===== Input data =====
(* Let $X$ be a complex Banach space of dimension at least $2$, and let $\mathcal S\subseteq\mathcal B(X)$ be a multiplicative semigroup such that $\operatorname{rank}[S,T]\le 1$ for all $S,T\in\mathcal S$. Suppose that $A,B\in\mathcal S$ satisfy $[A,B]=y\otimes\phi$ for some non-zero vector $y\in X$ and some non-zero functional $\phi\in X^*$. Then $\phi(Cy)=0$ for every $C\in\mathcal S\cup\{I\}$.
   Context: $\mathcal B(X)$ is the algebra of bounded linear operators on $X$ and $I$ is the identity operator. A semigroup is a subset of $\mathcal B(X)$ closed under multiplication. $[S,T]=ST-TS$. For $y\in X$ and $\phi\in X^*$, $y\otimes\phi$ denotes the operator $x\mapsto\phi(x)y$. *)

theory Defs
  imports "HOL-Analysis.Analysis"
begin

class complex_banach = banach +
  fixes cscale :: "complex \<Rightarrow> 'a \<Rightarrow> 'a"
  assumes cscale_add_right: "cscale a (x + y) = cscale a x + cscale a y"
    and cscale_add_left: "cscale (a + b) x = cscale a x + cscale b x"
    and cscale_cscale: "cscale a (cscale b x) = cscale (a * b) x"
    and cscale_one: "cscale 1 x = x"
    and scaleR_cscale: "scaleR r x = cscale (complex_of_real r) x"
    and norm_cscale: "norm (cscale a x) = cmod a * norm x"

definition bop :: "('a::complex_banach \<Rightarrow> 'a) \<Rightarrow> bool" where
  "bop T \<longleftrightarrow> bounded_linear T \<and> (\<forall>c x. T (cscale c x) = cscale c (T x))"

definition cfunctional :: "('a::complex_banach \<Rightarrow> complex) \<Rightarrow> bool" where
  "cfunctional \<phi> \<longleftrightarrow> bounded_linear \<phi> \<and> (\<forall>c x. \<phi> (cscale c x) = c * \<phi> x)"

definition commutator :: "('a::complex_banach \<Rightarrow> 'a) \<Rightarrow> ('a \<Rightarrow> 'a) \<Rightarrow> ('a \<Rightarrow> 'a)" where
  "commutator S T = (\<lambda>x. S (T x) - T (S x))"

definition rank_le_one :: "('a::complex_banach \<Rightarrow> 'a) \<Rightarrow> bool" where
  "rank_le_one T \<longleftrightarrow> (\<exists>v. \<forall>x. \<exists>c. T x = cscale c v)"

definition tensor_op :: "'a::complex_banach \<Rightarrow> ('a \<Rightarrow> complex) \<Rightarrow> ('a \<Rightarrow> 'a)" where
  "tensor_op y \<phi> = (\<lambda>x. cscale (\<phi> x) y)"

definition cdim_ge_two :: "'a::complex_banach itself \<Rightarrow> bool" where
  "cdim_ge_two _ \<longleftrightarrow> (\<exists>u v::'a. \<forall>a b. cscale a u + cscale b v = 0 \<longrightarrow> a = 0 \<and> b = 0)"

end

theory Submission
  imports Defs
begin

text \<open>
  We show \<open>\<phi>(C y) = 0\<close> for every \<open>C \<in> \<S> \<union> {I}\<close>. If this value were non-zero, the rank dichotomy
    for \<open>[CA,B]\<close>, \<open>[AC,B]\<close> and their rotations together with the Jacobi identity lead to a
    contradiction by a finite case analysis on zero patterns.
  The theorem follows by adjoining the identity to \<open>\<S>\<close>.
\<close>

interpretation cvs: vector_space "cscale :: complex \<Rightarrow> 'a::complex_banach \<Rightarrow> 'a"
  by unfold_locales (auto simp: cscale_add_right cscale_add_left cscale_cscale cscale_one)
lemma premiss_refuted:
  assumes "ik4_rule Ps S" "finite (rels S)" "quasi_tree_like S" "interp B I S" "\<not> sat_seq B I S"
  shows "premiss_refuted_above B I S Ps"
  using assms(1)
proof cases
  case (cut R G x A G' y C)
  then show ?thesis using premiss_refuted_cut assms(4,5) by blast
next
  case (weakL R G y C x A)
  then show ?thesis using assms(4,5) by (intro premiss_refuted_sub[of I S "Seq R G y C"]) auto
next
  case (contrL R x A G y C)
  then show ?thesis using assms(4,5)
    by (intro premiss_refuted_sub[of I S "Seq R (add_mset (x, A) (add_mset (x, A) G)) y C"]) auto
next
  case (impL R G x A A' G' y C)
  show ?thesis
  proof (cases "forces B (I x) A")
    case True
    then have "forces B (I x) A'" using assms(4,5) leq_refl unfolding impL interp_def by auto
    then show ?thesis using impL assms(4,5)
      by (intro premiss_refuted_sub[of I S "Seq R (add_mset (x, A') G') y C"]) auto
  next
    case False
    then show ?thesis using impL assms(4,5)
      by (intro premiss_refuted_sub[of I S "Seq R G x A"]) auto
  qed
next
  case (impR R x A G A')
  then show ?thesis using premiss_refuted_impR assms(2-5) by simp
next
  case (andL1 R x A G y C A')
  then show ?thesis using assms(4,5)
    by (intro premiss_refuted_sub[of I S "Seq R (add_mset (x, A) G) y C"]) auto
next
  case (andL2 R x A' G y C A)
  then show ?thesis using assms(4,5)
    by (intro premiss_refuted_sub[of I S "Seq R (add_mset (x, A') G) y C"]) auto
next
  case (andR R G x A A')
  show ?thesis
  proof (cases "forces B (I x) A")
    case True
    then show ?thesis using andR assms(4,5)
      by (intro premiss_refuted_sub[of I S "Seq R G x A'"]) auto
  next
    case False
    then show ?thesis using andR assms(4,5)
      by (intro premiss_refuted_sub[of I S "Seq R G x A"]) auto
  qed
next
  case (orL R x A G y C A')
  show ?thesis
  proof (cases "forces B (I x) A")
    case True
    then show ?thesis using orL assms(4,5)
      by (intro premiss_refuted_sub[of I S "Seq R (add_mset (x, A) G) y C"]) auto
  next
    case False
    then show ?thesis using orL assms(4,5)
      by (intro premiss_refuted_sub[of I S "Seq R (add_mset (x, A') G) y C"]) auto
  qed
next
  case (orR1 R G x A A')
  then show ?thesis using assms(4,5) by (intro premiss_refuted_sub[of I S "Seq R G x A"]) auto
next
  case (orR2 R G x A' A)
  then show ?thesis using assms(4,5) by (intro premiss_refuted_sub[of I S "Seq R G x A'"]) auto
next
  case (diaL y R x A G z C)
  then show ?thesis using premiss_refuted_diaL assms(4,5) by blast
next
  case (diaR x y R G A)
  then have "acc B (I x) (I y)" "y \<in> VarR R" using assms(4) VarR_I unfolding interp_def by auto
  with diaR show ?thesis using assms(4,5)
    by (intro premiss_refuted_sub[of I S "Seq R G y A"]) auto
next
  case (boxR y R G x A)
  then show ?thesis using premiss_refuted_boxR assms(2-5) by simp
next
  case (boxL x y R A G z C)
  then have "acc B (I x) (I y)" "y \<in> VarR R" using assms(4) VarR_I unfolding interp_def by auto
  moreover have "leq B (I x) (I x)" using leq_refl acc_worlds calculation(1) by blast
  ultimately show ?thesis using boxL assms(4,5)
    by (intro premiss_refuted_sub[of I S "Seq R (add_mset (y, A) G) z C"]) auto
next
  case (tr x y R z G w C)
  let ?P = "Seq (insert (x, z) R) G w C"
  have "acc B (I x) (I y)" "acc B (I y) (I z)" using assms(4) tr unfolding interp_def by auto
  then have "acc B (I x) (I z)" by (rule acc_trans)
  from interp_add_edge[OF assms(4) this, of ?P] have "interp B I ?P"
    using tr VarR_I[OF tr(3)] VarR_I[OF tr(4)] by auto
  moreover have "\<not> sat_seq B I ?P" using assms(5) tr by simp
  ultimately show ?thesis using premiss_refuted_same[OF assms(4)] tr by simp
qed (use assms(5) in auto)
=====
Activity :: List each line of the records that holds the string "cfunctional".

Exercise answer ::
definition cfunctional :: "('a::complex_banach \<Rightarrow> complex) \<Rightarrow> bool" where
  "cfunctional \<phi> \<longleftrightarrow> bounded_linear \<phi> \<and> (\<forall>c x. \<phi> (cscale c x) = c * \<phi> x)"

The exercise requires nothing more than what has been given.